Applying the results to $$\text{Beta}(\theta \vert \sum _ { n = 1} ^ { N } x _ { n } + \alpha _ { 1}, N - \sum _ { n = 1} ^ { N } x _ { n } + \alpha _ { 2})$$ we obtain

\begin{align} \mathbb { E } [ \theta \vert \mathbf { x } ,\alpha ] &= \frac { \sum _ { n = 1} ^ { N } x _ { n } + \alpha _ { 1} } { N + \alpha _ { 1} + \alpha _ { 2} } \\ \operatorname{Var} [ \theta \vert \mathbf { x } ,\alpha ] &= \frac { \left( \sum _ { n = 1} ^ { N } x _ { n } + \alpha _ { 1} \right) \left( N - \sum _ { n = 1} ^ { N } x _ { n } + \alpha _ { 2} \right) } { \left( N + \alpha _ { 1} + \alpha _ { 2} + 1\right) \left( N + \alpha _ { 1} + \alpha _ { 2} \right) ^ { 2} }. \end{align}

The predictive probability of a new data point $$X$$ is calculated as follows:

$p(X = 1 \vert x, \alpha) = \int p(X=1 \vert \theta) p(\theta \vert x, \alpha) \text{d} \theta = \int \theta p(\theta \vert x, \alpha) \text{d} \theta = \mathbb{E}[\theta \vert x, \alpha].$

## Categorical distribution and Dirichlet prior

In this case the likelihood takes the form

$p ( x \vert \theta ) = \theta _ { 1} ^ { x _ { 1} } \theta _ { 2} ^ { x _ { 2} } \dots \theta _ { K } ^ { x _ { K } }$

where $$x_k \in \{0, 1\}, \sum_k x_k = 1$$.

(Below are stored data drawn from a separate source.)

(* Let $(M,\cdot,1)$ be an arbitrary monoid, $\Sigma$ a finite alphabet, and $\ell:\Sigma^*\to M$ an $M$-language. The following two conditions are equivalent: (i) $\ell$ is a recognizable $M$-language; (ii) there exists a factorization $(g,f)$ on $L$ such that the right congruence $\equiv^{(g,f)}_{f(\ell)}$ on $\Sigma^*$ has finite index.
   Context: $\Sigma^*$ is the free monoid of finite words over $\Sigma$, with empty word $\varepsilon$. An $M$-language is a total function $\ell:\Sigma^*\to M$; $L$ denotes the set of all $M$-languages. For $m\in M$, $\ell\in L$, $m\cdot\ell\in L$ is defined by $(m\cdot\ell)(\gamma)=m\cdot\ell(\gamma)$. Let $F$ be the set of all functions $L\to L$ (with $f_e$ the identity) and $G$ the set of all functions $L\to M$. A factorization on $L$ is a pair $(g,f)\in G\times F$ with $g(\ell)\cdot f(\ell)=\ell$ for every $\ell\in L$. For a word $\alpha$, $\Delta_\alpha\in F$ is defined by $\Delta_\alpha(\ell)(\gamma)=\ell(\alpha\gamma)$. Given a factorization $(g,f)$, define $S^{(g,f)}_\alpha\in F$ for $\alpha\in\Sigma^*$ recursively by $S^{(g,f)}_\varepsilon=f_e$ and $S^{(g,f)}_{\alpha\sigma}=f\circ\Delta_\sigma\circ S^{(g,f)}_\alpha$ for $\sigma\in\Sigma$. For $\ell\in L$, the relation $\equiv^{(g,f)}_\ell$ on $\Sigma^*$ is $\alpha\equiv^{(g,f)}_\ell\beta\iff S^{(g,f)}_\alpha(\ell)=S^{(g,f)}_\beta(\ell)$; it is a right congruence, and it has finite index if it has finitely many equivalence classes. An $M$-DFA is a tuple $A=(Q,\Sigma,u,i_u,\delta,w,\rho)$ with $Q$ a finite nonempty set of states, $u\in Q$ the initial state, $i_u\in M$ the initial value, $\delta:Q\times\Sigma\to Q$ the state-transition function, $w:Q\times\Sigma\to M$ the monoid-transition function and $\rho:Q\to M$ the final function. Extend $\delta$ to $\Sigma^*$ by $q\varepsilon=q$, $q(\alpha\sigma)=\delta(q\alpha,\sigma)$ (writing $q\alpha$ for the extended $\delta(q,\alpha)$), and $w$ by $w^*(q,\varepsilon)=1$, $w^*(q,\alpha\sigma)=w^*(q,\alpha)\cdot w(q\alpha,\sigma)$. The $M$-language recognized by $A$ is $\mathcal{A}(\alpha)=i_u\cdot w^*(u,\alpha)\cdot\rho(u\alpha)$. An $M$-language is recognizable if it is recognized by some $M$-DFA. *)

theory Defs
  imports Main
begin

type_synonym ('a, 'm) mlang = "'a list \<Rightarrow> 'm"

definition is_factorization ::
  "(('a, 'm::monoid_mult) mlang \<Rightarrow> 'm) \<Rightarrow> (('a, 'm) mlang \<Rightarrow> ('a, 'm) mlang) \<Rightarrow> bool" where
  "is_factorization g f \<longleftrightarrow> (\<forall>l. (\<lambda>\<gamma>. g l * f l \<gamma>) = l)"

definition Delta :: "'a list \<Rightarrow> ('a, 'm) mlang \<Rightarrow> ('a, 'm) mlang" where
  "Delta \<alpha> l = (\<lambda>\<gamma>. l (\<alpha> @ \<gamma>))"

text \<open>S_eps = id, S_(alpha sigma) = f o Delta_sigma o S_alpha (left-to-right fold).\<close>
definition S_fact ::
  "(('a, 'm) mlang \<Rightarrow> 'm) \<Rightarrow> (('a, 'm) mlang \<Rightarrow> ('a, 'm) mlang) \<Rightarrow> 'a list
     \<Rightarrow> ('a, 'm) mlang \<Rightarrow> ('a, 'm) mlang" where
  "S_fact g f \<alpha> = fold (\<lambda>\<sigma> h. f \<circ> Delta [\<sigma>] \<circ> h) \<alpha> id"

definition cong_rel ::
  "(('a, 'm) mlang \<Rightarrow> 'm) \<Rightarrow> (('a, 'm) mlang \<Rightarrow> ('a, 'm) mlang) \<Rightarrow> ('a, 'm) mlang
     \<Rightarrow> ('a list \<times> 'a list) set" where
  "cong_rel g f l = {(\<alpha>, \<beta>). S_fact g f \<alpha> l = S_fact g f \<beta> l}"

definition finite_index :: "('b \<times> 'b) set \<Rightarrow> bool" where
  "finite_index R \<longleftrightarrow> finite (UNIV // R)"

text \<open>M-DFAs: states are natural numbers drawn from a finite nonempty set Q
  (every finite state set is in bijection with such a set).\<close>

definition delta_star :: "(nat \<Rightarrow> 'a \<Rightarrow> nat) \<Rightarrow> nat \<Rightarrow> 'a list \<Rightarrow> nat" where
  "delta_star \<delta> q \<alpha> = fold (\<lambda>\<sigma> p. \<delta> p \<sigma>) \<alpha> q"

text \<open>w^*(q, eps) = 1, w^*(q, alpha sigma) = w^*(q, alpha) * w(q alpha, sigma).\<close>
definition w_star :: "(nat \<Rightarrow> 'a \<Rightarrow> nat) \<Rightarrow> (nat \<Rightarrow> 'a \<Rightarrow> 'm::monoid_mult) \<Rightarrow> nat \<Rightarrow> 'a list \<Rightarrow> 'm" where
  "w_star \<delta> w q \<alpha> = snd (fold (\<lambda>\<sigma> (p, m). (\<delta> p \<sigma>, m * w p \<sigma>)) \<alpha> (q, 1))"

definition is_MDFA :: "nat set \<Rightarrow> nat \<Rightarrow> (nat \<Rightarrow> 'a \<Rightarrow> nat) \<Rightarrow> bool" where
  "is_MDFA Q u \<delta> \<longleftrightarrow> finite Q \<and> Q \<noteq> {} \<and> u \<in> Q \<and> (\<forall>q\<in>Q. \<forall>\<sigma>. \<delta> q \<sigma> \<in> Q)"

definition MDFA_lang ::
  "nat \<Rightarrow> 'm::monoid_mult \<Rightarrow> (nat \<Rightarrow> 'a \<Rightarrow> nat) \<Rightarrow> (nat \<Rightarrow> 'a \<Rightarrow> 'm) \<Rightarrow> (nat \<Rightarrow> 'm) \<Rightarrow> ('a, 'm) mlang" where
  "MDFA_lang u iu \<delta> w \<rho> = (\<lambda>\<alpha>. iu * w_star \<delta> w u \<alpha> * \<rho> (delta_star \<delta> u \<alpha>))"

definition recognizable :: "('a, 'm::monoid_mult) mlang \<Rightarrow> bool" where
  "recognizable l \<longleftrightarrow> (\<exists>Q u iu \<delta> w \<rho>. is_MDFA Q u \<delta> \<and> MDFA_lang u iu \<delta> w \<rho> = l)"

end

theory Submission
  imports Defs
begin

text \<open>A recognizable language is a scalar multiple of the language recognized from a state, and
  the languages recognized from the states of an M-DFA are closed under left quotients by a
  letter up to a scalar factor. Choosing \<open>f\<close> to pick such a state language from each of its
  scalar multiples, every \<open>S\<^sub>\<alpha>(f \<ell>)\<close> is a state language, so there are finitely many.
  Conversely, the finitely many \<open>S\<^sub>\<alpha>(f \<ell>)\<close> serve as states of an M-DFA: reading \<open>\<sigma>\<close> in state
  \<open>k\<close> leads to \<open>f (\<Delta>\<^sub>\<sigma> k)\<close> with weight \<open>g (\<Delta>\<^sub>\<sigma> k)\<close>, and the final value of \<open>k\<close> is \<open>k \<epsilon>\<close>.\<close>

lemma quotient_kernel:
  "UNIV // {(a, b). h a = h b} = (\<lambda>v. h -` {v}) ` range h"
proof -
  have "{b. h a = h b} = h -` {h a}" for a by auto
  then show ?thesis unfolding quotient_def by (auto simp: Image_def)
qed

lemma finite_index_kernel_iff: "finite_index {(a, b). h a = h b} \<longleftrightarrow> finite (range h)"
proof -
  have "inj_on (\<lambda>v. h -` {v}) (range h)"
    by (rule inj_onI) auto
  then show ?thesis
    unfolding finite_index_def quotient_kernel using finite_imageD by blast
qed

lemma finite_index_cong_rel_iff:
  "finite_index (cong_rel g f l) \<longleftrightarrow> finite (range (\<lambda>\<alpha>. S_fact g f \<alpha> l))"
  unfolding cong_rel_def by (rule finite_index_kernel_iff)

lemma S_fact_Nil [simp]: "S_fact g f [] l = l"
  by (simp add: S_fact_def)

lemma S_fact_snoc: "S_fact g f (\<alpha> @ [\<sigma>]) l = f (Delta [\<sigma>] (S_fact g f \<alpha> l))"
  by (simp add: S_fact_def)

lemma delta_star_Nil [simp]: "delta_star \<delta> q [] = q"
  by (simp add: delta_star_def)

lemma delta_star_Cons [simp]: "delta_star \<delta> q (\<sigma> # \<gamma>) = delta_star \<delta> (\<delta> q \<sigma>) \<gamma>"
  by (simp add: delta_star_def)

This yields the conjugate prior:

$p ( \theta \vert \alpha ) = K ( \alpha ) \theta _ { 1} ^ { \alpha _ { 1} - 1} \theta _ { 2} ^ { \alpha _ { 2} - 1} \dots \theta _ { K } ^ { \alpha _ { K } - 1}$

where $$\alpha_i > 0$$ and

$K ( \alpha ) = \frac { \Gamma \left( \sum _ { k = 1} ^ { K } \alpha _ { k } \right) } { \prod _ { k = 1} ^ { K } \Gamma \left( \alpha _ { k } \right) }$

The posterior distribution of $$N$$ i.i.d observations, $$x = (x_1, \ldots, x_N)^\top$$

$p ( \theta \vert x ,\alpha ) \quad \propto \quad \theta _ { 1} ^ { \sum _ { n = 1} ^ { N } x _ { n 1} + \alpha _ { 1} - 1} \theta _ { 2} ^ { \sum _ { n = 1} ^ { N } x _ { n 2} + \alpha _ { 2} - 1} \ldots \theta _ { K } ^ { \sum _ { n = 1} ^ { N } x _ { n K } + \alpha _ { K } - 1}$

which is $$\text{Dir} (\theta \vert \sum_{n} x_n + \alpha)$$ and note that $$x_n = (x_{n1}, \ldots, x_{nK})$$.

The mean and variance are

\begin{align} \mathbb { E } \left[ \theta _ { i } \vert \alpha \right] &= \frac { \alpha _ { i } } { \alpha. } \\ \operatorname{Var} \left[ \theta _ { i } \vert \alpha \right] &= \frac { \alpha _ { i } \left( \alpha .- \alpha _ { i } \right) } { \alpha. ^ { 2} ( \alpha. + 1) } \end{align}

where $$\alpha. = \sum_{i} \alpha_i$$.

## Poisson distribution and Gamma prior

Consider the Poisson distribution:

$p ( x \vert \theta ) = \frac { \theta ^ { x } e ^ { - \theta } } { x ! }$

The corresponding conjugate prior retains the shape of the likelihood:

$p(\theta \vert \alpha) = K(\alpha) \theta^{\alpha_1 - 1} e^{-\alpha_2 \theta}$

where the normalization factor $$K(\alpha) = \frac{\alpha_2 ^{\alpha_1}}{\Gamma(\alpha_1)}$$.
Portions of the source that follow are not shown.